Our main results are that variations in λ_{NN} values order regions of varying dynamics in the space of neural networks in a fashion analogous to those observed with λ_{CA} in cellular automata. Further, edge-of-chaos regions can often be found, although their details can vary substantially depending on the type of connectivity that is present. We also describe the results of examining how a network's Wolfram class correlates with its ability to serve successfully as a reservoir in a very simple time series learning task.

### 3.1 Lambda Behavior

Figure 2a shows λ_{NN} values, multiplied by 100 and rounded for display purposes, for the *fp*-by-*wp* space of neural networks described above when random partial connectivity (*k* = 10) is being used. For example, when *fp* = 0.3 and *wp* = 0.3, then λ_{NN} = 0.13. As can be seen, λ_{NN} monotonically increases as one moves roughly diagonally from the upper left corner of this figure, where λ_{NN} is 0.0, to the lower right corner, where λ_{NN} is 1.0. Figure 2b shows a contour plot (generated using matlab) of these same λ_{NN} values that demonstrates this more clearly. Any straight or mildly concave or convex line running from the upper left corner to the lower right corner that is roughly perpendicular to each of the contours as it crosses them provides a path of gradually increasing λ_{NN} values.
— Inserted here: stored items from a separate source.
(* For $k\in\mathbb{N}$ let $I_k=[2^{-(k+1)},2^{-k}]$ and $\phi_{I_k}$ as defined below. Then the closure of $\mathrm{span}\{\phi_{I_k}:k\in\mathbb{N}\}$ in $K([0,1])$ with respect to the Alexiewicz norm is contained in $\mathcal{J}\cup\{0\}$, where $\mathcal{J}$ is the set of Kurzweil integrable functions on $[0,1]$ which are not Lebesgue integrable. In particular, $\mathcal{J}$ is spaceable in $K([0,1])$.
   Context: Kurzweil integral means the Henstock–Kurzweil integral. $K([0,1])$ is the vector space of Kurzweil integrable functions on $[0,1]$ (modulo a.e. equality), with the Alexiewicz norm $\|f\|_A=\sup_{x\in[0,1]}|F(x)|$ where $F(x)=\int_0^x f$ (Kurzweil integral). Define $\Phi:[0,1]\to\mathbb{R}$ by $\Phi(x)=4x^2\sin\left(\frac{\pi}{4x^2}\right)$ for $x\in(0,1/2]$, $\Phi(x)=-4(1-x)^2\sin\left(\frac{\pi}{4(1-x)^2}\right)$ for $x\in(1/2,1)$, $\Phi(0)=\Phi(1)=0$. For $I=[a,b]\subset[0,1]$, $\Phi_I(x)=\Phi\left(\frac{x-a}{b-a}\right)$ for $x\in I$ and $0$ otherwise, and $\phi_I=\Phi_I'$, i.e. $\phi_I(x)=\frac{1}{b-a}\Phi'\left(\frac{x-a}{b-a}\right)$ for $x\in I$ and $0$ otherwise. A subset $S$ of a topological vector space $X$ is spaceable if $S\cup\{0\}$ contains a closed infinite-dimensional subspace of $X$. *)

theory Defs
  imports "HOL-Analysis.Analysis"
begin

definition Phi :: "real \<Rightarrow> real" where
  "Phi x = (if 0 < x \<and> x \<le> 1/2 then 4 * x^2 * sin (pi / (4 * x^2))
            else if 1/2 < x \<and> x < 1 then - 4 * (1 - x)^2 * sin (pi / (4 * (1 - x)^2))
            else 0)"

definition phiI :: "real \<Rightarrow> real \<Rightarrow> real \<Rightarrow> real" where
  "phiI a b x = (if x \<in> {a..b} then deriv Phi ((x - a) / (b - a)) / (b - a) else 0)"

definition Ik_lo :: "nat \<Rightarrow> real" where "Ik_lo k = (1/2) ^ (k + 1)"
definition Ik_hi :: "nat \<Rightarrow> real" where "Ik_hi k = (1/2) ^ k"

definition alex_norm :: "(real \<Rightarrow> real) \<Rightarrow> real" where
  "alex_norm f = (SUP x\<in>{0..1}. \<bar>integral {0..x} f\<bar>)"

definition KJ :: "(real \<Rightarrow> real) \<Rightarrow> bool" where
  "KJ f \<longleftrightarrow> f integrable_on {0..1} \<and> \<not> set_integrable lebesgue {0..1} f"

text \<open>The zero element of K([0,1]) (modulo a.e. equality).\<close>
definition K_zero :: "(real \<Rightarrow> real) \<Rightarrow> bool" where
  "K_zero f \<longleftrightarrow> (AE x in lebesgue. x \<in> {0..1} \<longrightarrow> f x = 0)"

text \<open>Spaceability in K([0,1]) of a set S (given as a predicate on representatives):
  there is a set V of representatives forming a linear subspace, closed in the Alexiewicz
  (semi)norm (hence also saturated under a.e. equality), infinite-dimensional modulo
  null functions, whose every element lies in S or is the zero of K([0,1]).\<close>
definition spaceable_K :: "((real \<Rightarrow> real) \<Rightarrow> bool) \<Rightarrow> bool" where
  "spaceable_K S \<longleftrightarrow> (\<exists>V :: (real \<Rightarrow> real) set.
      (\<forall>f\<in>V. f integrable_on {0..1}) \<and>
      (\<lambda>x. 0) \<in> V \<and>
      (\<forall>f\<in>V. \<forall>g\<in>V. (\<lambda>x. f x + g x) \<in> V) \<and>
      (\<forall>f\<in>V. \<forall>c::real. (\<lambda>x. c * f x) \<in> V) \<and>
      (\<forall>f. f integrable_on {0..1} \<and> (\<forall>e>0. \<exists>g\<in>V. alex_norm (\<lambda>x. f x - g x) < e)
            \<longrightarrow> f \<in> V) \<and>
      (\<forall>n. \<exists>fs :: nat \<Rightarrow> real \<Rightarrow> real. (\<forall>i<n. fs i \<in> V) \<and>
            (\<forall>c :: nat \<Rightarrow> real. K_zero (\<lambda>x. \<Sum>i<n. c i * fs i x) \<longrightarrow> (\<forall>i<n. c i = 0))) \<and>
      (\<forall>f\<in>V. S f \<or> K_zero f))"

end

theory Submission
  imports Defs
begin

(* On each I_k, the primitive of every element of the closure is a constant multiple
   d_k * Phi_{I_k}: this holds for finite combinations of the phi_{I_k}, whose primitives have
   essentially disjoint supports, and the multiples of a fixed function are closed under uniform
   limits.  Between consecutive points where pi/(4x^2) = (n + 3/2) pi, Phi jumps by more than
   1/(n+1), so Phi_{I_k} has unbounded variation, whereas the primitive of a Lebesgue integrable
   function has bounded variation.  Hence for Lebesgue integrable f all d_k vanish, the primitive
   vanishes on (0,1], the union of the I_k, and f = 0 a.e.  The phi_{I_k} are independent because
   the primitive of a combination, at a point of I_k where Phi_{I_k} is nonzero, only sees the
   k-th coefficient. *)

lemma has_real_derivative_0_if_quadratic_bound:
  fixes g :: "real \<Rightarrow> real"
  assumes "g x = 0" and "\<And>h. \<bar>g (x + h)\<bar> \<le> C * h\<^sup>2"
  shows "(g has_real_derivative 0) (at x)"
  unfolding DERIV_def
proof (rule Lim_null_comparison)
  have bound: "\<bar>(g (x + h) - g x) / h\<bar> \<le> C * \<bar>h\<bar>" if "h \<noteq> 0" for h
  proof -
    have "\<bar>(g (x + h) - g x) / h\<bar> = \<bar>g (x + h)\<bar> / \<bar>h\<bar>"
      using assms(1) by (simp add: abs_divide)
    also have "\<dots> \<le> C * h\<^sup>2 / \<bar>h\<bar>"
      using assms(2) by (simp add: divide_right_mono)
    also have "\<dots> = C * \<bar>h\<bar>"
      using that by (simp add: power2_eq_square abs_mult_self_eq field_simps)
    finally show ?thesis .
  qed
  show "\<forall>\<^sub>F h in at 0. norm ((g (x + h) - g x) / h) \<le> C * \<bar>h\<bar>"
    unfolding eventually_at_filter by (rule always_eventually) (use bound in \<open>simp add: abs_divide\<close>)
  show "((\<lambda>h. C * \<bar>h\<bar>) \<longlongrightarrow> 0) (at (0::real))"
    by (auto intro!: tendsto_eq_intros)
qed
Thus, as it was designed to do, λ_{NN} provides a single simple measure that imposes a partial ordering on the neural networks represented by each point in this *fp*-by-*wp* space. Neural networks gradually transition from those dominated by inhibitory connections (upper left corner in both parts of Figure 2) to those dominated by excitatory influences (lower right corner), passing through intermediate regions where excitation and inhibition are roughly balanced (e.g., when *fp* = 0.5 and *wp* = 1.0, producing λ_{NN} = 0.33). While Figure 2 illustrates this for network architectures having partial random connectivity, qualitatively similar results are obtained for other network architectures (fully connected, locally connected, or locally-plus-randomly connected), but are not shown here for brevity.

### 3.2 Characterizing Network Dynamics

We systematically characterized the dynamics of randomly connected/weighted neural networks represented by points throughout this *fp-wp* space for each of the four types of network connectivity (full, random partial, local, or local-plus-random). Given the quantization of the *fp* and *wp* scales that we used, and running 50 simulations with each having different random number streams for each *fp-wp* value pair, this represents a total of 336,200 independent network simulations (4 × 41 × 41 × 50).
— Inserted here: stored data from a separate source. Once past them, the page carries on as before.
lemma circle_integral_qslice_le:
  assumes I: "I \<in> qsphere" and J: "J \<in> qsphere" and r: "\<bar>r\<bar> < 1" and p: "p > 0"
  shows "integral {-pi..pi} (\<lambda>\<theta>. norm (f (qslice_point I (rcis r \<theta>))) powr p)
    \<le> (if p < 1 then 2 else 2 powr p) *
      integral {-pi..pi} (\<lambda>\<theta>. norm (f (qslice_point J (rcis r \<theta>))) powr p)"
proof -
  interpret SI: qpowser_slice a f I by unfold_locales (rule I)
  interpret SJ: qpowser_slice a f J by unfold_locales (rule J)
  define A where "A \<theta> = norm (f (qslice_point J (rcis r \<theta>)))" for \<theta>
  define K where "K = (if p < 1 then 1 else 2 powr (p - 1))"
  have int_A: "(\<lambda>\<theta>. A \<theta> powr p) integrable_on {-pi..pi}"
    using SJ.continuous_on_norm_slice_circ_powr[OF r p]
    by (simp add: A_def SJ.slice_circ_eq integrable_continuous_real)
  then have int_A': "(\<lambda>\<theta>. A (-\<theta>) powr p) integrable_on {-pi..pi}"
    using iffD2[OF Henstock_Kurzweil_Integration.integrable_reflect_real[where
          f = "\<lambda>\<theta>. A \<theta> powr p" and a = "-pi" and b = pi]]
    by (simp only: minus_minus)
  have pointwise: "norm (f (qslice_point I (rcis r \<theta>))) powr p \<le> K * (A \<theta> powr p + A (-\<theta>) powr p)"
    for \<theta>
  proof -
    have "cnj (rcis r \<theta>) = rcis r (-\<theta>)"
      by (simp add: rcis_def cis_cnj)
    then show ?thesis
      using norm_qslice_powr_le[OF I J _ p, of "rcis r \<theta>"] r by (simp add: A_def K_def)
  qed
  have "integral {-pi..pi} (\<lambda>\<theta>. norm (f (qslice_point I (rcis r \<theta>))) powr p)
      \<le> integral {-pi..pi} (\<lambda>\<theta>. K * (A \<theta> powr p + A (-\<theta>) powr p))"
  proof (rule integral_le[OF _ _ pointwise])
    show "(\<lambda>\<theta>. norm (f (qslice_point I (rcis r \<theta>))) powr p) integrable_on {-pi..pi}"
      using SI.continuous_on_norm_slice_circ_powr[OF r p]
      by (simp add: SI.slice_circ_eq integrable_continuous_real)
    show "(\<lambda>\<theta>. K * (A \<theta> powr p + A (-\<theta>) powr p)) integrable_on {-pi..pi}"
      using integrable_cmul[OF integrable_add[OF int_A int_A'], of K] by simp
  qed
  also have "\<dots> = K * (integral {-pi..pi} (\<lambda>\<theta>. A \<theta> powr p) + integral {-pi..pi} (\<lambda>\<theta>. A (-\<theta>) powr p))"
    using int_A int_A' by (simp add: integral_add)
  also have "integral {-pi..pi} (\<lambda>\<theta>. A (-\<theta>) powr p) = integral {-pi..pi} (\<lambda>\<theta>. A \<theta> powr p)"
    using Henstock_Kurzweil_Integration.integral_reflect_real[where
        f = "\<lambda>\<theta>. A \<theta> powr p" and a = "-pi" and b = pi] by simp
  also have "K * (integral {-pi..pi} (\<lambda>\<theta>. A \<theta> powr p) + integral {-pi..pi} (\<lambda>\<theta>. A \<theta> powr p))
      = (if p < 1 then 2 else 2 powr p) * integral {-pi..pi} (\<lambda>\<theta>. A \<theta> powr p)"
    by (simp add: K_def powr_diff)
  finally show ?thesis by (simp add: A_def)
qed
Figure 3 shows the results obtained when fully connected networks are studied in this fashion. Figure 3a plots the network dynamics obtained as *fp* and *wp* are systematically varied, showing the different regions that are observed by labeling each entry with the result seen most frequently during the 50 runs at that point in *fp-wp* space. As one moves progressively from the upper left to the lower right (i.e., from λ_{NN} = 0 to λ_{NN} = 1), one sequentially encounters a region where all activity dies out (labeled with o's), a region where complex/chaotic dynamics dominates (#'s), regions where limit cycles (c's) and fixed-point attractors (f's) predominate, and finally a region where the network is saturated (1's). Comparing this with how λ_{NN} varies in Figure 2, it is seen that, just as occurs with λ_{CA} and cellular automata, λ_{NN} provides a single measure that roughly indicates how regions with differing dynamics occur in these randomly weighted neural networks.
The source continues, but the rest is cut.